Piroschka van de Wouw/ Reuters
Piroschka van de Wouw/ Reuters

Conar determina que Unilever mude propaganda sobre aspectos sustentáveis de Omo

Órgão de autorregulamentação publicitária recomenda alterações em campanha na qual empresa se apresentava como “imbatível” em cuidado com o meio ambiente, pois maior parte das vantagens são comuns à concorrência

Fernando Scheller, O Estado de S.Paulo

11 de agosto de 2021 | 15h09

O Conselho de Autorregulamentação Publicitária (Conar) determinou, por unanimidade, em reunião realizada na semana passada, que a multinacional Unilever altere uma propaganda do sabão em pó Omo, cujo mote é “Somos Biodegradáveis, Somos Recicláveis”, por apresentar como diferenciais características que são comuns ao restante do mercado. A denúncia cita “greenwashing”, termo usado para quando empresas tentam se apropriar de questões de sustentabilidade de forma enganosa.

Segundo a decisão do Conar, a que o Estadão teve acesso, derivada de uma reclamação de um concorrente direto de Omo no mercado, o problema se concentra em duas questões principais do anúncio: promessas em relação à formulação totalmente “sustentável” do produto e também em relação à reciclagem de embalagens.

A primeira diz respeito ao fato de a empresa reforçar que seu produto é biodegradável. Nesse quesito, o órgão apontou que a empresa deve evitar o argumento “Somos Biodegradáveis”, para evitar “confundir consumidores quanto à totalidade da biodegradabilidade”. A decisão aponta, também, que a garantia de que determinados princípios ativos sejam biodegradáveis são parte de regulação da Agência Nacional de Vigilância Sanitária (Anvisa) e, portanto, aplicável a todos os produtos do gênero.

Por essa razão, o Conar determinou que a Unilever retire do anúncio o trecho no qual se refere a Omo como “imbatível” no cuidado com o meio ambiente – pois boa parte do benefício que ele traz é comum a outros produtos. “As menções não devem apresentar promessas e acepções absolutas de que nenhuma melhoria poderia ser feita para redução dos impactos ambientais”, diz o Conar na decisão.

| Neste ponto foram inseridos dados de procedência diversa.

(* For every $m\ge1$ and $n\ge1$ there is an injective map from $Q_6(m,n)$ to $P_6(-m,n)$.
   Context: Partitions: $\lambda_1\ge\cdots\ge\lambda_\ell>0$, $\ell(\lambda)=\ell$, $\lambda_i=0$ for $i>\ell$, $s(\lambda)$ the smallest part with $s(\emptyset)=+\infty$. Rank $=\lambda_1-\ell$; rank-set $=[-\lambda_1,1-\lambda_2,\dots,\ell-1-\lambda_\ell,\ell,\ell+1,\dots]$. $Q(m,n)$: partitions of $n$ whose rank-set contains $m$; $P(-m,n)$: partitions of $n$ with rank $\ge-m$. $m$-Durfee rectangle symbol $(\alpha,\beta)_{(m+j)\times j}$ of $\lambda$: $j\ge0$ is the largest integer with $\lambda_{m+j}\ge j$; $\alpha$ is the conjugate of $(\lambda_1-j,\dots,\lambda_{m+j}-j)$ and $\beta=(\lambda_{m+j+1},\lambda_{m+j+2},\dots)$; $|\lambda|=|\alpha|+|\beta|+j(m+j)$. $Q_6(m,n)$ is the set of $\lambda\in Q(m,n)$ whose symbol has $j\ge1$, $\ell(\beta)-\ell(\alpha)\ge1$, $\alpha_1=\alpha_2=\alpha_3=m+j$ and $s(\beta)\ge2$. $P_6(-m,n)$ is the set of $\mu\in P(-m,n)$ whose symbol $(\gamma,\delta)_{(m+j')\times j'}$ has $j'\ge1$, $\ell(\gamma)=\ell(\delta)$, $\gamma_1=m+j'-2$ and $\delta_1=j'$. *)

theory Defs
  imports Main "HOL-Library.Extended_Nat"
begin

definition is_partition :: "nat list \<Rightarrow> bool" where
  "is_partition xs \<longleftrightarrow> sorted_wrt (\<ge>) xs \<and> (\<forall>x\<in>set xs. 0 < x)"

definition partitions :: "nat \<Rightarrow> nat list set" where
  "partitions n = {xs. is_partition xs \<and> sum_list xs = n}"

text \<open>The i-th part (1-indexed), zero beyond the length.\<close>
definition part :: "nat list \<Rightarrow> nat \<Rightarrow> nat" where
  "part xs i = (if 1 \<le> i \<and> i \<le> length xs then xs ! (i - 1) else 0)"

text \<open>Smallest part, with s(empty) = infinity.\<close>
definition smallest :: "nat list \<Rightarrow> enat" where
  "smallest xs = (if xs = [] then \<infinity> else enat (Min (set xs)))"

definition prank :: "nat list \<Rightarrow> int" where
  "prank xs = int (part xs 1) - int (length xs)"

text \<open>Rank-set [-l1, 1-l2, ..., l-1-l_l, l, l+1, ...] = { k-1-l_k : k >= 1 }.\<close>
definition rank_set :: "nat list \<Rightarrow> int set" where
  "rank_set xs = {int k - 1 - int (part xs k) | k. 1 \<le> k}"

definition Qset :: "nat \<Rightarrow> nat \<Rightarrow> nat list set" where
  "Qset m n = {xs \<in> partitions n. int m \<in> rank_set xs}"

text \<open>P(-m,n): partitions of n with rank at least -m.\<close>
definition Pset :: "nat \<Rightarrow> nat \<Rightarrow> nat list set" where
  "Pset m n = {xs \<in> partitions n. prank xs \<ge> - int m}"
(* Let $\mu$ be a partition of $k$ with $\ell(\mu)$ parts, $(S_1,S_2)$ a couple of pair-partitions of $[2k]$ of type $\mu$, and $G$ the group defined in the context. For each orbit $\Omega$ of the set of pair-partitions of $[2k]$ under the action of $G$ and any $S_0\in\Omega$, the quantity $\frac{2^{|\mathcal{L}(S_0,S_1)|}}{2^{\ell(\mu)}}\,|\Omega|$ is an integer.
   Context: Pair-partitions of $[2k]$ are sets of disjoint two-element subsets with union $[2k]$, identified with fixed-point-free involutions; $\sigma\in\mathfrak{S}_{2k}$ acts by: $\{\sigma(i),\sigma(j)\}\in\sigma\cdot P$ iff $\{i,j\}\in P$. $\mathcal{L}(A,B)$ is the bipartite graph with a black vertex per pair of $A$, a white vertex per pair of $B$, and an edge labeled $i$ for each $i\in[2k]$ joining the pairs containing $i$; it is a disjoint union of loops of lengths $2\ell_1\ge2\ell_2\ge\cdots$, $(\ell_1,\ell_2,\dots)$ is the type of $(A,B)$ and $|\mathcal{L}(A,B)|$ the number of loops. The group $G$: for each loop $L_i$ of $\mathcal{L}(S_1,S_2)$ (length $2\mu_i$) choose $j_{i,1}\in L_i$ and set $j_{i,2}=S_2(j_{i,1})$, $j_{i,3}=S_1(j_{i,2})$, $j_{i,4}=S_2(j_{i,3})$, alternately up to $j_{i,2\mu_i}$; let $r_i\in\mathfrak{S}_{2k}$ send $j_{i,m}$ to $j_{i,2\mu_i+1-m}$ for $m\in[2\mu_i]$ and fix all other elements; $G$ is the group generated by the $r_i$. *)

theory Defs
  imports Complex_Main "HOL-Algebra.Sym_Groups" "HOL-Algebra.Generated_Groups" "HOL-Library.Multiset"
begin

text \<open>Pair-partitions of [2k], identified with fixed-point-free involutions of {1..2k}
  (extended by the identity outside {1..2k}).\<close>
definition pair_partition :: "nat \<Rightarrow> (nat \<Rightarrow> nat) \<Rightarrow> bool" where
  "pair_partition k P \<longleftrightarrow> P permutes {1..2*k} \<and> (\<forall>i\<in>{1..2*k}. P i \<noteq> i \<and> P (P i) = i)"

text \<open>Action of a permutation: {sigma i, sigma j} in sigma.P iff {i,j} in P.\<close>
definition pp_act :: "(nat \<Rightarrow> nat) \<Rightarrow> (nat \<Rightarrow> nat) \<Rightarrow> (nat \<Rightarrow> nat)" where
  "pp_act \<sigma> P = \<sigma> \<circ> P \<circ> Hilbert_Choice.inv \<sigma>"

text \<open>Edges of the graph L(A,B) are labelled by [2k]; two labels are in the same loop
  iff they are connected via the pairs of A and B. Loops = sets of labels.\<close>
definition loop_edges :: "(nat \<Rightarrow> nat) \<Rightarrow> (nat \<Rightarrow> nat) \<Rightarrow> (nat \<times> nat) set" where
  "loop_edges A B = {(i, A i) | i. True} \<union> {(i, B i) | i. True}"

definition loops :: "nat \<Rightarrow> (nat \<Rightarrow> nat) \<Rightarrow> (nat \<Rightarrow> nat) \<Rightarrow> nat set set" where
  "loops k A B = {{j \<in> {1..2*k}. (i, j) \<in> (loop_edges A B)\<^sup>*} | i. i \<in> {1..2*k}}"

definition nloops :: "nat \<Rightarrow> (nat \<Rightarrow> nat) \<Rightarrow> (nat \<Rightarrow> nat) \<Rightarrow> nat" where
  "nloops k A B = card (loops k A B)"

text \<open>Type of (A,B): multiset of half-lengths of loops (a loop with 2l labels has length 2l).\<close>
definition loop_type :: "nat \<Rightarrow> (nat \<Rightarrow> nat) \<Rightarrow> (nat \<Rightarrow> nat) \<Rightarrow> nat multiset" where
  "loop_type k A B = image_mset (\<lambda>L. card L div 2) (mset_set (loops k A B))"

Outra questão, no que se refere à embalagem, discute o fato de o material usado ser “reciclável”, mas não “reciclado”. No despacho, o Conar lembra que a embalagem usada pela marca da Unilever não parece ser diferente da que a restante do mercado utiliza, além de ser a mesma que Omo adota há tempos – não existindo, neste caso, novidade a ser apresentada ao cliente. 

Outro lado

Em comunicado, a Unilever afirmou que usa “embalagens feitas de plástico reciclado e 100% recicláveis”. Questionada posteriormente sobre a reportagem, a companhia esclareceu que somente parte da composição de seus vasilhames são feitas de plástico reciclado – sem especificar a proporção do material reaproveitado. Em relação ao fato de Omo não ser 100% biodegradável, o comunicado da Unilever afirma que a fórmula inclui “100% de ativos biodegradáveis”.

Também depois de questionada pela reportagem, a Unilever informou que vai fazer alterações na propaganda. A companhia também afirmou que informações específicas sobre o apelo sustentável de seus produtos estão em seu site.